Across its applications, FoMo-0D employs simplifications that underlie both its tractability and limitations. In legal eDiscovery, the model presumes documents are i.i.d. carriers of single (mutually independent) factoids, for which the coverage of rare factoids dominates the discovery process. In cardiovascular modeling, 0D abstraction is justified as an asymptotic reduction: spatial details are collapsed into lumped circuits parameterized by geometry, yielding fast and interpretable surrogates at the expense of intra-segment granularity. In zero-shot OD, the Bayesian formulation is dependent on the fidelity of the synthetic data prior, and attention-based Transformer modules are made tractable by routerization.

These frameworks benefit when object frequency distributions are heavy-tailed (e.g., Zipf, Heap’s law), as a small sample quickly captures high-prevalence entities, while rare entities determine asymptotic coverage or detection limits.

5. Practical Implications and Empirical Performance

In eDiscovery, FoMo-0D provides a quantitative tool to argue that additional document review is unlikely to yield novel factoids, thus guiding efficient discovery processes with rigorously bounded omission risk. For cardiovascular engineering, the FoMo-0D pipeline enables rapid development, uncertainty quantification, and exploration of patient models on commodity hardware, matching 3D reference simulations to within $\leq$ 10% for clinically relevant outputs in anatomically variable scenarios. As a zero-shot outlier detector, FoMo-0D streamlines OD deployment in practice, dispensing with model selection hurdles and enabling millisecond-scale inference in streaming or real-time settings.

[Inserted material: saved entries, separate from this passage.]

lemma cyclotomic_bounds_divisor_prod:
  fixes x :: real
  assumes "x > 1" "m > 0"
  defines "Q \<equiv> \<Prod>d | d dvd m. 1 - 1 / x ^ d"
  shows "Q * x ^ totient m \<le> Re (poly (cyclotomic m) (of_real x))"
    and "Re (poly (cyclotomic m) (of_real x)) \<le> inverse Q * x ^ totient m"
proof -
  define L where "L d = ln (1 - 1 / x ^ d)" for d :: nat
  define S where "S = (\<Sum>d | d dvd m. of_int (moebius_mu (m div d)) * L d)"
  have factor_pos: "1 - 1 / x ^ d > 0" if "d dvd m" for d
    using assms that by (simp add: dvd_pos_nat)
  then have Q_eq: "Q = exp (\<Sum>d | d dvd m. L d)"
    using \<open>m > 0\<close> by (simp add: Q_def L_def exp_sum)
  have weight: "\<bar>real_of_int (moebius_mu k)\<bar> \<le> 1" for k
    using abs_moebius_mu_le[of k] by (simp flip: of_int_abs)
  have L_nonpos: "L d \<le> 0" if "d dvd m" for d
    using factor_pos[OF that] \<open>x > 1\<close> by (simp add: L_def)
  have "(\<Sum>d | d dvd m. L d) \<le> S" "S \<le> - (\<Sum>d | d dvd m. L d)"
    unfolding S_def by (rule sum_nonpos_weighted_bounds; simp add: L_nonpos weight)+
  then have "Q \<le> exp S" "exp S \<le> inverse Q"
    by (simp_all add: Q_eq flip: exp_minus)
  moreover have "Re (poly (cyclotomic m) (of_real x)) = exp S * x ^ totient m"
    using assms by (simp add: poly_cyclotomic_of_real S_def L_def)
  moreover have "x ^ totient m > 0"
    using assms by simp
  ultimately show "Q * x ^ totient m \<le> Re (poly (cyclotomic m) (of_real x))"
    and "Re (poly (cyclotomic m) (of_real x)) \<le> inverse Q * x ^ totient m"
    by simp_all
qed

lemma convergent_prod_one_minus_inverse_powers:
  fixes x :: real
  assumes "x > 1"
  shows "convergent_prod (\<lambda>j. 1 - 1 / x ^ Suc j)"
proof -
  have "summable (\<lambda>j. 1 / x * (1 / x) ^ j)"
    using assms by (intro summable_mult summable_geometric) simp
  moreover have "\<bar>- (1 / x ^ Suc j)\<bar> = 1 / x * (1 / x) ^ j" for j
    using assms by (simp add: power_divide)
  ultimately have "summable (\<lambda>j. \<bar>- (1 / x ^ Suc j)\<bar>)"
    by simp
  moreover have "- (1 / x ^ Suc j) \<noteq> -1" for j
    using one_less_power[OF assms, of "Suc j"] by simp
  ultimately have "convergent_prod (\<lambda>j. 1 + - (1 / x ^ Suc j))"
    by (rule summable_imp_convergent_prod_real)
  then show ?thesis
    by simp
qed

lemma prodinf_le_prod:
  fixes f :: "nat \<Rightarrow> real"
  assumes "convergent_prod f" "\<And>i. 0 \<le> f i" "\<And>i. f i \<le> 1" "finite A"
  shows "prodinf f \<le> prod f A"
proof -
  obtain N where "A \<subseteq> {..<N}"
    using finite_nat_bounded[OF \<open>finite A\<close>] by blast
  show ?thesis
  proof (rule prodinf_le_const[OF \<open>convergent_prod f\<close>])
    fix n assume "n \<ge> N"
    then have "prod f {..<n} = prod f ({..<n} - A) * prod f A"
      using \<open>A \<subseteq> {..<N}\<close> by (intro prod.subset_diff) auto
    also have "\<dots> \<le> prod f A"
      using assms by (intro mult_left_le_one_le prod_le_1 prod_nonneg) auto
    finally show "prod f {..<n} \<le> prod f A" .
  qed
qed
(* Let $p$ be a prime, $R=W(\overline{\mathbb{F}}_p)$ with Frobenius $\phi$ and $p$-derivation $\delta(x)=(\phi(x)-x^p)/p$, and let $f\in R[y,y',\dots,y^{(r)}]^{\wedge}$ ($p$-adic completion). An element $u\in R$ is a solution of $f(u,\delta u,\dots,\delta^r u)=0$ if and only if (a) $f(\nabla(u))\equiv0\ \mathrm{mod}\ p$, and (b) for all $i\ge0$: $\frac{\partial(\delta^i f)}{\partial p}(\nabla(u)^p)\equiv-\sum_{j\ge0}\frac{\partial(\delta^i f)^{(\phi)}}{\partial y^{(j)}}(\nabla(u)^p)\,\delta^{j+1}u\ \mathrm{mod}\ p$. Moreover, $u$ is a solution of $(\delta f)(u,\delta u,\dots,\delta^{r+1}u)=0$ if and only if (b) holds.
   Context: $R[y,y',y'',\dots]^\wedge$ carries the $p$-derivation $\delta$ extending that of $R$ with $\delta y^{(j)}=y^{(j+1)}$, so $\delta^i f\in R[y,\dots,y^{(r+i)}]^\wedge$. For $u\in R$: $\nabla(u)=(u,\delta u,\delta^2u,\dots)$ and $\nabla(u)^p=(u^p,(\delta u)^p,(\delta^2u)^p,\dots)$. For $g\in R[y,\dots,y^{(s)}]^\wedge$, $g^{(\phi)}$ is $g$ with $\phi$ applied to its coefficients, and $\frac{\partial g}{\partial p}:=\frac1p\big(g^{(\phi)}(y^p,(y')^p,\dots,(y^{(s)})^p)-g(y,\dots,y^{(s)})^p\big)$. *)

theory Defs
  imports Main "HOL-Library.Poly_Mapping" "HOL-Computational_Algebra.Polynomial"
    "HOL-Computational_Algebra.Primes"
begin

text \<open>R is an abstract commutative ring (type 'a) together with an endomorphism phi,
  subject to conditions characterising (up to unique isomorphism) the Witt vectors
  W(F_p-bar) with their Frobenius: R is p-torsion free, p-adically separated and complete,
  R/pR is a field which is algebraic over F_p and algebraically closed, and phi is a ring
  endomorphism lifting the p-th power map mod p (on W(k), k perfect, the Frobenius lift is
  unique).\<close>

definition Witt_Fpbar_Frobenius :: "nat \<Rightarrow> ('a::comm_ring_1 \<Rightarrow> 'a) \<Rightarrow> bool" where
  "Witt_Fpbar_Frobenius p phi \<longleftrightarrow>
     prime p \<and>
     (\<forall>x::'a. of_nat p * x = 0 \<longrightarrow> x = 0) \<and>
     (\<forall>x::'a. (\<forall>n. (of_nat p) ^ n dvd x) \<longrightarrow> x = 0) \<and>
     (\<forall>s::nat \<Rightarrow> 'a. (\<forall>n. (of_nat p) ^ n dvd (s (Suc n) - s n)) \<longrightarrow>
         (\<exists>l. \<forall>n. (of_nat p) ^ n dvd (l - s n))) \<and>
     \<not> (of_nat p dvd (1::'a)) \<and>
     (\<forall>x::'a. \<not> of_nat p dvd x \<longrightarrow> (\<exists>y. of_nat p dvd (x * y - 1))) \<and>
     (\<forall>x::'a. \<exists>n>0. of_nat p dvd (x ^ (p ^ n) - x)) \<and>
     (\<forall>P::'a poly. degree P > 0 \<and> lead_coeff P = 1 \<longrightarrow> (\<exists>x. of_nat p dvd poly P x)) \<and>
     phi 1 = 1 \<and> (\<forall>x y. phi (x + y) = phi x + phi y) \<and> (\<forall>x y. phi (x * y) = phi x * phi y) \<and>
     (\<forall>x. of_nat p dvd (phi x - x ^ p))"
(* Let $n\ge1$, $\preceq$ an admissible order on $L([0,1])$, $F\colon L([0,1])^2\to L([0,1])$, $G\colon L([0,1])^n\to L([0,1])$. The IV Sugeno-like $FG$-functional $\mathbf S_m^{F,G}$ satisfies: (i) $\mathbf S_m^{F,G}\succeq\wedge$ for every IV fuzzy measure $m$ whenever (a) $F(X,\mathbf1)\succeq X$ for all $X$ and $G=f\circ\mathrm{Proj}_1$ for some $f\colon L([0,1])\to L([0,1])$ with $f\succeq \mathrm{Id}$; or (b) $F(X,\mathbf1)\succeq X$ for all $X$, $F$ is non-decreasing in the second variable and $G=f\circ\vee$ for some $f$ with $f\succeq\mathrm{Id}$; (ii) $\mathbf S_m^{F,G}\preceq\vee$ for every $m$ whenever (a) $F(X,\mathbf1)\preceq X$ for all $X$ and $G=f\circ\mathrm{Proj}_1$ with $f\preceq\mathrm{Id}$; or (b) $F(X,\mathbf1)\preceq X$ for all $X$, $F$ is non-decreasing in the second variable and $G=f\circ\vee$ with $f\preceq\mathrm{Id}$; (iii) $\mathbf S_m^{F,G}$ is internal for every $m$ whenever (a) $F(X,\mathbf1)=X$ for all $X$ and $G=\mathrm{Proj}_1$; or (b) $F(X,\mathbf1)=X$ for all $X$, $F$ is non-decreasing in the second variable and $G=\vee$.
   Context: $N=\{1,\dots,n\}$. $L([0,1])=\{[a,b]:0\le a\le b\le1\}$, $\mathbf0=[0,0]$, $\mathbf1=[1,1]$. An admissible order $\preceq$ is a total order on $L([0,1])$ with $[a,b]\preceq[c,d]$ whenever $a\le c$, $b\le d$. $\vee,\wedge$ denote maximum and minimum w.r.t. $\preceq$; monotonicity is w.r.t. $\preceq$; $\mathrm{Proj}_1(X_1,\dots,X_n)=X_1$; $f\succeq\mathrm{Id}$ means $f(X)\succeq X$ for all $X$ (similarly $\preceq$). $\mathbf S\succeq\wedge$ means $\mathbf S(X_1,\dots,X_n)\succeq\wedge(X_1,\dots,X_n)$ for all inputs, similarly $\mathbf S\preceq\vee$; internal means both. An IV fuzzy measure w.r.t. $\preceq$ is $m\colon2^N\to L([0,1])$, $m(\emptyset)=\mathbf0$, $m(N)=\mathbf1$, $m(A)\preceq m(B)$ for $A\subseteq B$. For a permutation $\sigma$, $E_{\sigma(i)}=\{\sigma(i),\dots,\sigma(n)\}$. $\mathbf S_m^{F,G}(X_1,\dots,X_n)=G\big(F(X_{\sigma(1)},m(E_{\sigma(1)})),\dots,F(X_{\sigma(n)},m(E_{\sigma(n)}))\big)$ with $\sigma$ any permutation such that $X_{\sigma(1)}\preceq\dots\preceq X_{\sigma(n)}$; it is defined when this value does not depend on the choice of $\sigma$ for all inputs. *)

theory Defs
  imports Main "HOL.Real"
begin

The main limitations across domains include sensitivity to the statistical assumptions inherent in each abstraction—e.g., factoid independence in eDiscovery, linear wall mechanics in hemodynamics, and distributional mismatch in zero-shot OD on real-world data.

6. Future Directions and Extensions

Potential advances for FoMo-0D frameworks include:

In eDiscovery, using occupancy models parameterized by empirically estimated frequency distributions or integrating semantic relations between factoids.
For lumped-parameter cardiovascular models, incorporating dynamic loss models at junctions, segmenting vessels more finely, and representing nonlinear or active vessel wall properties via variable elastance or viscoelasticity. Augmentation with machine learning at key network elements (e.g., junctions or stenoses) could improve fidelity.
In zero-shot OD, enriching the synthetic pretraining prior to model categorical features, contextual/correlated anomalies, and causal dependencies, as well as incorporating real datasets or pre-trained generative models. Extension to contaminated, streaming, or multimodal (image, text, graph) OD tasks is a plausible trajectory.

Each branch of FoMo-0D demonstrates that 0D abstractions, when judiciously constructed and validated, provide interpretable, computationally efficient, and scalable solutions to complex real-world problems, with substantial room for further innovation across both methodological and applied axes.